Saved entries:

============

lemma abel_RB_lhs_Suc:
  assumes "k dvd l"
  shows "abel \<phi> (RB_lhs k l (Suc i)) = abel \<phi> (RB_lhs k l i)"
proof -
  have "(i + l) mod k = i mod k"
    using assms by (auto elim!: dvdE)
  then show ?thesis
    using arg_cong[OF RB_lhs_Wletter[of k l i], of "abel \<phi>"]
    by (simp add: abel_append abel_Wletter add.commute)
qed

lemma abel_RB_lhs: "k dvd l \<Longrightarrow> abel \<phi> (RB_lhs k l i) = abel \<phi> (RB_lhs k l 0)"
  by (induction i) (simp_all add: abel_RB_lhs_Suc)

lemma abel_RB_lhs_period: "abel \<phi> (RB_lhs k k i) = (\<Sum>s<k. \<phi> (WGen s))"
proof -
  have "abel \<phi> (RB_lhs k k 0) = (\<Sum>j<k. \<phi> (WGen (j mod k)))"
    by (simp add: RB_lhs_def abel_concat_map abel_Wletter interv_sum_list_conv_sum_set_nat
        atLeast0LessThan)
  also have "\<dots> = (\<Sum>s<k. \<phi> (WGen s))"
    by (rule sum.cong) auto
  finally show ?thesis
    using abel_RB_lhs[of k k \<phi> i] by simp
qed

lemma mono_abel_RB_lhs: "mono (abel \<phi> (RB_lhs k (q * k) i)) = mono (\<Sum>s<k. \<phi> (WGen s)) ^ q"
proof -
  have "mono (abel \<phi> (RB_lhs k (q * k) 0)) = mono (\<Sum>s<k. \<phi> (WGen s)) ^ q"
  proof (induction q)
    case (Suc q)
    then show ?case
      using RB_lhs_add[of k "q * k" k 0]
      by (simp add: abel_append abel_RB_lhs_period mono_add add.commute)
  qed simp
  then show ?thesis
    using abel_RB_lhs[of k "q * k" \<phi> i] by simp
qed

lemma mono_abel_RB_lhs_ubar:
  "mono (abel \<phi> (RB_lhs k (q * k) i @ replicate q (UBar, True)))
    = mono (\<phi> UBar + (\<Sum>s<k. \<phi> (WGen s))) ^ q"
  unfolding abel_append mono_add mono_abel_RB_lhs mono_abel_replicate
  by (simp add: power_mult_distrib mult.commute)

lemma fox_RB_word:
  assumes "k dvd l"
  shows "fox \<phi> y (RB_word k l i) = fox \<phi> y (RB_lhs k l i @ r) - fox \<phi> y (RB_lhs k l (Suc i) @ r)"
  using abel_RB_lhs_Suc[OF assms, of \<phi> i]
  unfolding RB_word_eq fox_append_word_inv by (simp add: fox_append)

lemma fox_RB_lhs_ubar_step:
  fixes k q s :: nat
  assumes "s < k"
  defines "B \<equiv> \<lambda>i. RB_lhs k (q * k) i @ replicate q (UBar, True)"
  shows "mono (\<phi> (WGen s)) * fox \<phi> y (B (Suc s))
    = fox \<phi> y (B s) - (1 - mono (abel \<phi> (B s))) * (if WGen s = y then 1 else 0)"
proof -
  let ?u = "replicate q (UBar, True)"
  have "B s @ [(WGen s, True)] @ word_inv ?u @ ?u = Wletter k s @ B (Suc s)"
    using RB_lhs_Wletter[of k "q * k" s] Wletter_add_mult[OF assms(1), of q]
    by (simp add: B_def add.commute)
  then have "fox \<phi> y (B s @ [(WGen s, True)]) = fox \<phi> y (Wletter k s @ B (Suc s))"
    by (metis append.assoc fox_append_word_inv_cancel)
  moreover have "Wletter k s = [(WGen s, True)]"
    using Wletter_add_mult[OF assms(1), of 0] by simp
  ultimately show ?thesis
    by (simp add: fox_append algebra_simps)
qed

lemma fox_RB_word_cong:
  fixes \<phi> :: "gen \<Rightarrow> 'h::ab_group_add" and k q i :: nat
  assumes "i < k"
  defines "T \<equiv> \<phi> UBar + (\<Sum>s<k. \<phi> (WGen s))"
    and "c \<equiv> \<lambda>s. mono (- \<phi> (WGen s))"
    and "B \<equiv> \<lambda>i. RB_lhs k (q * k) i @ replicate q (UBar, True)"
  shows "(1 - mono T) dvd fox \<phi> y (RB_word k (q * k) i) - (1 - c i) * (\<Prod>m<i. c m) * fox \<phi> y (B 0)"
proof -
  define V where "V i = fox \<phi> y (B i)" for i
  have "(1 - mono T) dvd 1 - mono T ^ q"
    unfolding one_diff_power_eq by simp
  have step: "(1 - mono T) dvd V (Suc s) - c s * V s" if "s < k" for s
  proof -
    define D :: "'h \<Rightarrow>\<^sub>0 complex" where "D = (if WGen s = y then 1 else 0)"
    have shift: "mono (\<phi> (WGen s)) * V (Suc s) = V s - (1 - mono T ^ q) * D"
      using fox_RB_lhs_ubar_step[OF that, where q = q and \<phi> = \<phi> and y = y]
      unfolding mono_abel_RB_lhs_ubar by (simp only: V_def B_def T_def D_def)
    have "V (Suc s) - c s * V s = c s * (mono (\<phi> (WGen s)) * V (Suc s)) - c s * V s"
      by (simp add: c_def mono_uminus_cancel)
    also have "\<dots> = - (c s * D * (1 - mono T ^ q))"
      unfolding shift by (simp add: algebra_simps)
    finally show ?thesis
      using \<open>(1 - mono T) dvd 1 - mono T ^ q\<close> by simp
  qed
  have "fox \<phi> y (RB_word k (q * k) i) - (1 - c i) * (\<Prod>m<i. c m) * V 0
      = (1 - c i) * (V i - (\<Prod>m<i. c m) * V 0) - (V (Suc i) - c i * V i)"
    using fox_RB_word[of k "q * k" \<phi> y i] by (simp add: V_def B_def algebra_simps)
  moreover have "(1 - mono T) dvd V i - (\<Prod>m<i. c m) * V 0"
    using assms(1) by (intro dvd_diff_prod_of_recurrence step) simp
  ultimately show ?thesis
    using step[OF assms(1)] by (simp add: V_def dvd_diff dvd_mult)
qed

lemma WGen_0_notin_RB_lhs: "WGen 0 \<notin> fst ` set (RB_lhs k (k - 1) (Suc (q * k)))"
proof
  assume "WGen 0 \<in> fst ` set (RB_lhs k (k - 1) (Suc (q * k)))"
  then obtain j b where "j \<in> {Suc (q * k)..<Suc (q * k) + (k - 1)}" "(WGen 0, b) \<in> set (Wletter k j)"
    unfolding RB_lhs_def set_concat set_map set_upt by fastforce
  then have j: "q * k < j" "j < q * k + k" and "(WGen 0, b) \<in> set (Wletter k j)"
    by auto
  then have "j mod k = 0"
    by (auto simp: Wletter_def)
  moreover have "j mod k = (j - q * k + q * k) mod k"
    using j by simp
  then have "j mod k = j - q * k"
    using j by (simp only: mod_mult_self1) simp
  ultimately show False
    using j by simp
qed
lemma cut_records_Suc:
  assumes t: "t < length fs" and L: "cut_records t L"
  shows "\<exists>L'. cut_records (Suc t) L'"
proof -
  obtain r l i where ev: "fs ! t = (r, l, i)" by (metis prod.exhaust)
  have ev_valid: "(r, l) \<in> servers n s" "i \<noteq> r" using event_valid[OF t ev] by auto
  have nc: "newcomer t = (r, l)" "helper_cluster t = i" using ev
    by (simp_all add: newcomer_def helper_cluster_def)
  define cut where "cut = (In (r, l) (Suc t) \<notin> S)"
  define E where "E = (if cut then [(r, sink_helpers t)] else [])"
  have "sink_helpers t \<le> cluster_count i L"
    using L nc by (simp add: cut_records_def sink_helpers_def)
  then have adm_E: "admissible (L @ E)"
    using L ev_valid(2) unfolding E_def cut_records_def
    by (auto intro!: admissible_snoc)
  obtain R where R: "admissible ((L @ E) @ R)" "\<forall>r\<in>set R. snd r = 0"
    "length R = card (cut_storage (Suc t))"
    "\<forall>X. cluster_count X R = card {x \<in> cut_storage (Suc t). fst x = X}"
    "record_value d \<alpha> \<beta> R \<le> \<alpha> * real (card (cut_storage (Suc t)))"
    by (rule admissible_append_unhelped_set[OF finite_cut_storage[of "Suc t"] adm_E beta_nonneg,
          where d = d and \<alpha> = \<alpha>])
  let ?N = "{x. x = newcomer t \<and> In x (Suc t) \<notin> S}"
  have N_eq: "?N = (if cut then {(r, l)} else {})" using nc by (auto simp: cut_def)
  have N_card: "card ?N \<le> length E" unfolding N_eq by (simp add: E_def)
  have N_count: "card {x \<in> ?N. fst x = X} \<le> cluster_count X E" for X
  proof -
    have "{x \<in> ?N. fst x = X} = (if cut \<and> r = X then {(r, l)} else {})"
      unfolding N_eq by auto
    then show ?thesis by (simp add: E_def cluster_count_def)
  qed
  have "card {x \<in> sink_outs (Suc t). fst x = X} \<le> cluster_count X (L @ E @ R)" for X
  proof -
    have "card {x \<in> sink_outs (Suc t). fst x = X} \<le> card {x \<in> sink_outs t. fst x = X}
        + card {x \<in> cut_storage (Suc t). fst x = X} + card {x \<in> ?N. fst x = X}"
      by (rule card_filter_le_Un3[OF _ _ _ sink_outs_Suc_subset[OF t], where P = "\<lambda>x. fst x = X"])
        (simp_all add: N_eq)
    moreover have "card {x \<in> sink_outs t. fst x = X} \<le> cluster_count X L"
      using L by (simp add: cut_records_def)
    ultimately show ?thesis using N_count[of X] R(4)[rule_format, of X] by (simp add: cluster_count_append)
  qed
  moreover have "card (sink_outs (Suc t)) \<le> length (L @ E @ R)"
  proof -
    have "card {x \<in> sink_outs (Suc t). True} \<le> card {x \<in> sink_outs t. True}
        + card {x \<in> cut_storage (Suc t). True} + card {x \<in> ?N. True}"
      by (rule card_filter_le_Un3[OF _ _ _ sink_outs_Suc_subset[OF t], where P = "\<lambda>x. True"])
        (simp_all add: N_eq)
    moreover have "card (sink_outs t) \<le> length L" using L by (simp add: cut_records_def)
    ultimately show ?thesis using N_card R(3) by simp
  qed
  moreover have "record_value d \<alpha> \<beta> (L @ E @ R) \<le> partial_cut (Suc t)"
  proof -
    have "record_value d \<alpha> \<beta> E \<le> (if cut then real (d - sink_helpers t) * \<beta> else 0)"
      by (simp add: E_def record_value_def)
    moreover have "record_value d \<alpha> \<beta> L \<le> partial_cut t" using L by (simp add: cut_records_def)
    ultimately show ?thesis
      using R(5) nc by (simp add: record_value_append partial_cut_Suc cut_def)
  qed
  moreover have "\<forall>r\<in>set (L @ E @ R). snd r \<le> d"
    using L R(2) sink_helpers_le[OF t] by (auto simp: E_def cut_records_def)
  ultimately show ?thesis
    using R(1) by (intro exI[of _ "L @ E @ R"]) (simp add: cut_records_def)
qed
text \<open>The motion function of the dual covered map \<open>(M\<^sup>*, H - S)\<close> coincides with that of
  \<open>(M, S)\<close>, so both maps induce the same total order on \<open>H\<close>. Unicellularity makes every
  half-edge reachable from the root along the motion, so for each \<open>h\<close> exactly one of
  \<open>h\<close>, \<open>\<alpha> h\<close> comes first; hence the orientation of the dual is the reversed one, \<open>(O, I)\<close>.
  Unfolding the dual map exchanges the roles of \<open>\<sigma>'\<close> and \<open>\<phi>'\<close> and of the new elements
  \<open>i\<close>, \<open>o\<close>, so its mobile is \<open>\<pi>\<^sub>\<bullet> \<pi>\<^sub>\<circ>\<^sup>-\<^sup>1 = \<pi>\<^sup>-\<^sup>1\<close>, rooted at \<open>o\<close>.\<close>

lemma permutes_funpow_reverse:
  assumes "p permutes A" "finite A"
  shows "\<exists>m. (p ^^ m) ((p ^^ n) x) = x"
proof -
  obtain q where q: "q > 0" "(p ^^ q) x = x"
    using permutation_self assms permutation_permutes by metis
  have period: "(p ^^ (q * k)) x = x" for k
    by (induction k) (simp_all add: funpow_add q(2))
  have "n \<le> q * n" using q(1) by simp
  then have "(p ^^ (q * n - n)) ((p ^^ n) x) = (p ^^ (q * n)) x"
    by (metis funpow_add comp_apply le_add_diff_inverse2)
  then show ?thesis using period by metis
qed

lemma conjugate_inv_on:
  assumes f: "bij_betw f B A" and p: "p permutes B" and q: "q permutes A"
    and conj: "\<And>h. h \<in> B \<Longrightarrow> f (p h) = q (f h)" and h: "h \<in> B"
  shows "f (inv p h) = inv q (f h)"
proof -
  have "inv p h \<in> B" using p h by (simp add: permutes_in_image permutes_inv)
  then have "q (f (inv p h)) = f h" using conj p by (metis permutes_inverses(1))
  then show ?thesis using q by (metis permutes_inverses(2))
qed

section \<open>Restriction of a permutation\<close>

lemma restr_first_return:
  assumes "p permutes B" "finite B" "a \<in> A"
  defines "m \<equiv> LEAST k. 0 < k \<and> (p ^^ k) a \<in> A"
  shows "restr p A a = (p ^^ m) a" "0 < m" "(p ^^ m) a \<in> A"
    "\<And>j. 0 < j \<Longrightarrow> j < m \<Longrightarrow> (p ^^ j) a \<notin> A"
proof -
  obtain n where "n > 0" "(p ^^ n) a = a"
    using permutation_self assms(1,2) permutation_permutes by metis
  then have ex: "0 < n \<and> (p ^^ n) a \<in> A" using assms(3) by simp
  show "restr p A a = (p ^^ m) a" using assms(3) unfolding restr_def m_def by simp
  show "0 < m" "(p ^^ m) a \<in> A"
    using LeastI[of "\<lambda>k. 0 < k \<and> (p ^^ k) a \<in> A", OF ex] unfolding m_def by auto
  show "(p ^^ j) a \<notin> A" if "0 < j" "j < m" for j
    using that not_less_Least[of j "\<lambda>k. 0 < k \<and> (p ^^ k) a \<in> A"] unfolding m_def by auto
qed

lemma restr_in:
  assumes "p permutes B" "finite B" "a \<in> A"
  shows "restr p A a \<in> A"
  using restr_first_return[OF assms] by simp

text \<open>If two first returns coincide, the element with the longer return time passes
  through the other one on its way, which contradicts minimality unless they are equal.\<close>
lemma restr_inj_on:
  assumes p: "p permutes B" "finite B"
  shows "inj_on (restr p A) A"
proof -
  define ret where "ret a = (LEAST k. 0 < k \<and> (p ^^ k) a \<in> A)" for a
  have eq_if_le: "a = b"
    if ab: "a \<in> A" "b \<in> A" "restr p A a = restr p A b" and le: "ret a \<le> ret b" for a b
  proof -
    note fa = restr_first_return[OF p ab(1), folded ret_def]
    note fb = restr_first_return[OF p ab(2), folded ret_def]
    have "(p ^^ ret a) a = (p ^^ ret a) ((p ^^ (ret b - ret a)) b)"
      using ab(3) fa(1) fb(1) le by (metis funpow_add comp_apply le_add_diff_inverse)
    then have a: "a = (p ^^ (ret b - ret a)) b"
      using inj_fn[OF permutes_inj[OF p(1)]] by (simp add: inj_eq)
    show "a = b"
      using fb(4)[of "ret b - ret a"] fa(2) a ab(1) by (cases "ret b - ret a = 0") auto
  qed
  show ?thesis
    by (rule inj_onI) (metis eq_if_le nle_le)
qed

lemma restr_permutes:
  assumes "p permutes B" "finite B" "A \<subseteq> B"
  shows "restr p A permutes A"
proof (rule bij_imp_permutes)
  have "restr p A ` A = A"
    using endo_inj_surj[OF finite_subset[OF assms(3,2)]] restr_in[OF assms(1,2)]
      restr_inj_on[OF assms(1,2)] by blast
  then show "bij_betw (restr p A) A A" using restr_inj_on[OF assms(1,2)] by (simp add: bij_betw_def)
  show "restr p A x = x" if "x \<notin> A" for x using that by (simp add: restr_def)
qed

lemma restr_conjugate:
  assumes inj: "inj_on f B" and pB: "\<And>h. h \<in> B \<Longrightarrow> p h \<in> B"
    and conj: "\<And>h. h \<in> B \<Longrightarrow> f (p h) = q (f h)"
    and A: "A \<subseteq> B" and h: "h \<in> B"
  shows "f (restr p A h) = restr q (f ` A) (f h)"
proof -
  have inB: "(p ^^ k) h \<in> B" for k by (induction k) (auto simp: h pB)
  have iter: "f ((p ^^ k) h) = (q ^^ k) (f h)" for k
    by (induction k) (auto simp: conj inB)
  have mem: "x \<in> B \<Longrightarrow> f x \<in> f ` A \<longleftrightarrow> x \<in> A" for x
    using inj A by (auto dest: inj_onD)
  show ?thesis
    using mem[OF inB] mem[OF h] iter unfolding restr_def by simp
qed

section \<open>The motion function\<close>

lemma motion_dual:
  assumes "\<alpha> permutes H" "\<And>h. h \<in> H \<Longrightarrow> \<alpha> (\<alpha> h) = h" "S \<subseteq> H"
  shows "motion (\<sigma> \<circ> \<alpha>) \<alpha> (H - S) = motion \<sigma> \<alpha> S"
  using assms permutes_not_in[OF assms(1)] permutes_in_image[OF assms(1)]
  by (intro ext) (auto simp: motion_def)
(* Let $G$ and $H$ be connected graphs, each with at least two vertices, such that $\delta(H)>|V(H)|/2$. Let $S\subseteq E(G\times H)$. <ol> <li>If $|S|<\delta(G)\delta(H)$, then every $H$-fiber ${}_xH$ ($x\in V(G)$) is contained in a single connected component of $G\times H-S$.</li> <li>Assume it is not the case that $G\cong K_2$ and $H\cong\overline{K_{2l-1}}\vee lK_2$ for some integer $l\ge1$. Assume also that $|S|=\delta(G)\delta(H)$ and that $S$ is not the set of all edges incident with any single vertex of $G\times H$. Then every $H$-fiber ${}_xH$ is contained in a single connected component of $G\times H-S$.</li> </ol>
   Context: All graphs are finite, simple and undirected. $\delta(\cdot)$ denotes minimum degree. The direct product $G\times H$ has vertex set $V(G)\times V(H)$. Two vertices $(x,u),(y,v)$ are adjacent if and only if $xy\in E(G)$ and $uv\in E(H)$. For $x\in V(G)$, the $H$-fiber is ${}_xH=\{(x,u):u\in V(H)\}$. $\overline{K_{2l-1}}\vee lK_2$ is the join of an edgeless graph on $2l-1$ vertices with a perfect matching on $2l$ vertices. Equivalently, it is $K_{2l-1,2l}$ with $l$ pairwise disjoint edges added inside the part of size $2l$. *)

theory Defs
  imports Complex_Main
begin

definition graph :: "'a set \<Rightarrow> 'a set set \<Rightarrow> bool" where
  "graph V E \<longleftrightarrow> finite V \<and> (\<forall>e\<in>E. \<exists>u v. e = {u, v} \<and> u \<noteq> v \<and> u \<in> V \<and> v \<in> V)"

definition degree :: "'a set \<Rightarrow> 'a set set \<Rightarrow> 'a \<Rightarrow> nat" where
  "degree V E v = card {u \<in> V. {u, v} \<in> E}"

definition min_degree :: "'a set \<Rightarrow> 'a set set \<Rightarrow> nat" where
  "min_degree V E = Min (degree V E ` V)"

definition reachable :: "'a set set \<Rightarrow> 'a \<Rightarrow> 'a \<Rightarrow> bool" where
  "reachable E = (\<lambda>a b. {a, b} \<in> E)\<^sup>*\<^sup>*"

definition connected :: "'a set \<Rightarrow> 'a set set \<Rightarrow> bool" where
  "connected V E \<longleftrightarrow> V \<noteq> {} \<and> (\<forall>u\<in>V. \<forall>v\<in>V. reachable E u v)"

definition dprod_V :: "'a set \<Rightarrow> 'b set \<Rightarrow> ('a \<times> 'b) set" where
  "dprod_V VG VH = VG \<times> VH"

definition dprod_E :: "'a set set \<Rightarrow> 'b set set \<Rightarrow> ('a \<times> 'b) set set" where
  "dprod_E EG EH = {{(x, u), (y, v)} | x y u v. {x, y} \<in> EG \<and> {u, v} \<in> EH}"

definition graph_iso :: "'a set \<Rightarrow> 'a set set \<Rightarrow> 'b set \<Rightarrow> 'b set set \<Rightarrow> bool" where
  "graph_iso V E V' E' \<longleftrightarrow> (\<exists>f. bij_betw f V V' \<and>
      (\<forall>u\<in>V. \<forall>v\<in>V. {u, v} \<in> E \<longleftrightarrow> {f u, f v} \<in> E'))"

definition K2_V :: "nat set" where "K2_V = {0, 1}"
definition K2_E :: "nat set set" where "K2_E = {{0, 1}}"

text \<open>The join of the edgeless graph on vertices 0..2l-2 with the perfect matching
  on vertices 2l-1..4l-2, matching 2l-1+2i with 2l+2i for i < l.\<close>
definition join_V :: "nat \<Rightarrow> nat set" where
  "join_V l = {0..<4*l - 1}"

definition join_E :: "nat \<Rightarrow> nat set set" where
  "join_E l = {{a, b} | a b. a < 2*l - 1 \<and> 2*l - 1 \<le> b \<and> b < 4*l - 1}
            \<union> {{2*l - 1 + 2*i, 2*l + 2*i} | i. i < l}"

definition incident_edges :: "'a set set \<Rightarrow> 'a \<Rightarrow> 'a set set" where
  "incident_edges E w = {e \<in> E. w \<in> e}"

end

theory Submission
  imports Defs
begin

text \<open>
  Let \<open>\<delta>(H) > |V(H)|/2\<close> and suppose that
  removing \<open>S\<close> separates two vertices \<open>(x, u)\<close>, \<open>(x, v)\<close> of one \<open>H\<close>-fibre.  Let \<open>A\<close> be the
  component of \<open>(x, u)\<close> and write \<open>A\<^sub>y\<close> for its fibre over \<open>y\<close>.  For every neighbour \<open>y\<close> of
  \<open>x\<close>, the product edges between the fibres over \<open>x\<close> and \<open>y\<close> that leave \<open>A\<close> lie in \<open>S\<close>,
  and their number is the mixed cut of the pair \<open>(A\<^sub>x, A\<^sub>y)\<close> in \<open>H\<close>.  Since \<open>A\<^sub>x\<close> is a
  nonempty proper subset of \<open>V(H)\<close>, a counting argument in the dense graph \<open>H\<close> shows that
  each such mixed cut has at least \<open>\<delta>(H)\<close> arcs, whence \<open>|S| \<ge> deg(x)\<delta>(H) \<ge> \<delta>(G)\<delta>(H)\<close>.
  In the case of equality the mixed cuts are all minimum; analysing the minimum cuts of
  \<open>H\<close> shows that either some \<open>A\<^sub>y\<close> is split, which forces \<open>H\<close> to be a join graph and
  \<open>G = K\<^sub>2\<close>, or all \<open>A\<^sub>y\<close> are trivial, which forces \<open>S\<close> to be the edge set at one vertex.
\<close>

lemma graph_no_loop: "graph V E \<Longrightarrow> {a, a} \<notin> E"
  unfolding graph_def by (auto simp: doubleton_eq_iff)

lemma graph_edge_vertices: "graph V E \<Longrightarrow> {a, b} \<in> E \<Longrightarrow> a \<in> V \<and> b \<in> V"
  unfolding graph_def by (fastforce simp: doubleton_eq_iff)

lemma min_degree_le: "finite V \<Longrightarrow> a \<in> V \<Longrightarrow> min_degree V E \<le> degree V E a"
  unfolding min_degree_def by (intro Min_le) auto

definition nbr :: "'a set \<Rightarrow> 'a set set \<Rightarrow> 'a \<Rightarrow> 'a set" where
  "nbr V E a = {b \<in> V. {a, b} \<in> E}"

lemma degree_eq_card_nbr: "degree V E a = card (nbr V E a)"
  unfolding degree_def nbr_def by (simp add: insert_commute)

lemma nbr_subset: "graph V E \<Longrightarrow> nbr V E a \<subseteq> V - {a}"
  unfolding nbr_def using graph_no_loop by fastforce

lemma connected_has_nbr:
  assumes "graph V E" and "connected V E" and "card V \<ge> 2" and "x \<in> V"
  shows "nbr V E x \<noteq> {}"
proof -
  have "\<not> V \<subseteq> {x}" using assms(3) card_mono[of "{x}" V] by auto
  then obtain w where w: "w \<in> V" "w \<noteq> x" by blast
  have "reachable E x w" using assms(2,4) w(1) unfolding connected_def by blast
  then obtain y where "{x, y} \<in> E" using w(2) unfolding reachable_def
    by (induction rule: converse_rtranclp_induct) auto
  thus ?thesis using graph_edge_vertices[OF assms(1)] unfolding nbr_def by blast
qed

lemma K2_if_mutual_pendants:
  assumes G: "graph V E" "connected V E" and x: "x \<in> V"
    and nx: "nbr V E x = {y}" and ny: "nbr V E y = {x}"
  shows "graph_iso V E K2_V K2_E"
proof -
  have y: "y \<in> V" "{x, y} \<in> E" "y \<noteq> x" using nx nbr_subset[OF G(1), of x] unfolding nbr_def by auto
  have "w \<in> {x, y}" if "w \<in> V" for w
  proof -
    have "reachable E x w" using G(2) x that unfolding connected_def by blast
    thus ?thesis unfolding reachable_def
    proof (induction rule: rtranclp_induct)
      case (step w w')
      have "w' \<in> V" using graph_edge_vertices[OF G(1) step(2)] by simp
      hence "w' \<in> nbr V E w" using step(2) unfolding nbr_def by simp
      thus ?case using step(3) nx ny by auto
    qed simp
  qed
  hence V: "V = {x, y}" using x y by blast
  define f :: "_ \<Rightarrow> nat" where "f w = (if w = x then 0 else 1)" for w
  have "bij_betw f V K2_V" unfolding V K2_V_def f_def bij_betw_def using y(3) by (auto simp: inj_on_def)
  moreover have "\<forall>u\<in>V. \<forall>v\<in>V. {u, v} \<in> E \<longleftrightarrow> {f u, f v} \<in> K2_E"
    unfolding V K2_E_def f_def using y graph_no_loop[OF G(1)] by (auto simp: insert_commute doubleton_eq_iff)
  ultimately show ?thesis unfolding graph_iso_def by blast
qed

definition is_join :: "'a set \<Rightarrow> 'a set set \<Rightarrow> bool" where
  "is_join V E \<longleftrightarrow> (\<exists>l\<ge>1. graph_iso V E (join_V l) (join_E l))"

lemma involution_numbering:
  assumes "finite Y" and "\<forall>b\<in>Y. \<sigma> b \<in> Y \<and> \<sigma> b \<noteq> b \<and> \<sigma> (\<sigma> b) = b"
  shows "\<exists>h. bij_betw h Y {0..<card Y} \<and> even (card Y) \<and>
     (\<forall>b\<in>Y. h (\<sigma> b) = (if even (h b) then h b + 1 else h b - 1))"
  using assms
proof (induction "card Y" arbitrary: Y rule: less_induct)
  case less
  show ?case
  proof (cases "Y = {}")
    case True thus ?thesis by (auto simp: bij_betw_def)
  next
    case False
    then obtain b where b: "b \<in> Y" by blast
    define Y' where "Y' = Y - {b, \<sigma> b}"
    have sb: "\<sigma> b \<in> Y" "\<sigma> b \<noteq> b" using less.prems b by auto
    have "2 \<le> card Y" using card_mono[OF less.prems(1), of "{b, \<sigma> b}"] b sb by simp
    hence cY: "card Y = card Y' + 2" unfolding Y'_def using less.prems(1) b sb
      by (simp add: card_Diff_subset)
    have cl: "\<forall>c\<in>Y'. \<sigma> c \<in> Y' \<and> \<sigma> c \<noteq> c \<and> \<sigma> (\<sigma> c) = c"
      unfolding Y'_def using less.prems(2) b by (auto, metis)
    obtain h' where h': "bij_betw h' Y' {0..<card Y'}" "even (card Y')"
      "\<forall>c\<in>Y'. h' (\<sigma> c) = (if even (h' c) then h' c + 1 else h' c - 1)"
      using less.hyps[of Y'] cY less.prems(1) cl unfolding Y'_def by auto
    define m where "m = card Y'"
    define h where "h c = (if c = b then m else if c = \<sigma> b then m + 1 else h' c)" for c
    have "bij_betw h Y' {0..<m}"
      using h'(1) unfolding h_def m_def Y'_def by (rule bij_betw_cong[THEN iffD1, rotated]) auto
    moreover have "bij_betw h {b, \<sigma> b} {m, m + 1}"
      using sb unfolding h_def bij_betw_def by auto
    ultimately have "bij_betw h (Y' \<union> {b, \<sigma> b}) ({0..<m} \<union> {m, m + 1})"
      by (rule bij_betw_combine) auto
    moreover have "Y' \<union> {b, \<sigma> b} = Y" unfolding Y'_def using b sb by auto
    moreover have "{0..<m} \<union> {m, m + 1} = {0..<card Y}" using cY unfolding m_def by auto
    ultimately have bij: "bij_betw h Y {0..<card Y}" by simp
    have "h (\<sigma> c) = (if even (h c) then h c + 1 else h c - 1)" if c: "c \<in> Y" for c
    proof (cases "c = b \<or> c = \<sigma> b")
      case True thus ?thesis using less.prems(2) b h'(2) unfolding h_def m_def by auto
    next
      case False
      hence "c \<in> Y'" "\<sigma> c \<noteq> b" "\<sigma> c \<noteq> \<sigma> b" using c cl less.prems(2) b unfolding Y'_def by auto
      thus ?thesis using False h'(3) unfolding h_def by auto
    qed
    thus ?thesis using bij cY h'(2) by auto
  qed
qed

============

(What is needed) What you return must be an exact retyping of the lines above starting at the line with "by (induction k) (auto simp: conj inB)" and ending at the line with "H \<Longrightarrow> \<alpha>", and nothing besides.

(Exercise result)
    by (induction k) (auto simp: conj inB)
  have mem: "x \<in> B \<Longrightarrow> f x \<in> f ` A \<longleftrightarrow> x \<in> A" for x
    using inj A by (auto dest: inj_onD)
  show ?thesis
    using mem[OF inB] mem[OF h] iter unfolding restr_def by simp
qed

section \<open>The motion function\<close>

lemma motion_dual:
  assumes "\<alpha> permutes H" "\<And>h. h \<in> H \<Longrightarrow> \<alpha> (\<alpha> h) = h" "S \<subseteq> H"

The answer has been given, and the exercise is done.